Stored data

text \<open>The landmarks need not occur on \<open>P\<close> in the order of \<open>\<pi>\<close>: \<open>inner_between\<close> is symmetric.\<close>

lemma inner_between_if_not_landmark:
  assumes "distinct P" "P \<noteq> []" "hd P = u" "last P = v" "set \<pi> \<subseteq> set P"
    and "w \<in> set P" "w \<notin> set (u # \<pi> @ [v])"
  shows "\<exists>i\<le>length \<pi>. w \<in> inner_between P (skel_m u v \<pi> i) (skel_m u v \<pi> (Suc i))"
proof -
  define q where "q i = pos P (skel_m u v \<pi> i)" for i
  define j where "j = pos P w"
  have landmarks_on_P: "set (u # \<pi> @ [v]) \<subseteq> set P"
    using assms(2-5) by auto
  have q0: "q 0 = 0"
    using pos_nth[OF assms(1), of 0] assms(2,3) by (simp add: q_def skel_m_def hd_conv_nth)
  have qn: "q (Suc (length \<pi>)) = length P - 1"
    using pos_nth[OF assms(1), of "length P - 1"] assms(2,4)
    by (simp add: q_def skel_m_def nth_append last_conv_nth)
  have j: "j < length P" "P ! j = w"
    using nth_pos[OF assms(1,6)] by (simp_all add: j_def)
  have "j \<noteq> length P - 1"
    using j assms(2,4,7) by (auto simp: last_conv_nth)
  with j(1) q0 qn obtain i where i: "i < Suc (length \<pi>)" "q i \<le> j" "j < q (Suc i)"
    using ex_crossing_step[of q j "Suc (length \<pi>)"] by fastforce
  have "q i \<noteq> j"
    using i(1) skel_m_in_landmarks[of i \<pi> u v] landmarks_on_P nth_pos[OF assms(1)] j assms(7)
    unfolding q_def by (metis less_imp_le_nat subsetD)
  with i j have "w \<in> inner_between P (skel_m u v \<pi> i) (skel_m u v \<pi> (Suc i))"
    unfolding inner_between_def q_def by (intro CollectI exI[of _ j]) auto
  with i(1) show ?thesis by (auto simp: less_Suc_eq_le)
qed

THE TASK: Look through the entries above; find each line with the word "where" and copy it.

ANSWER BOX:
  define q where "q i = pos P (skel_m u v \<pi> i)" for i
  define j where "j = pos P w"
  with j(1) q0 qn obtain i where i: "i < Suc (length \<pi>)" "q i \<le> j" "j < q (Suc i)"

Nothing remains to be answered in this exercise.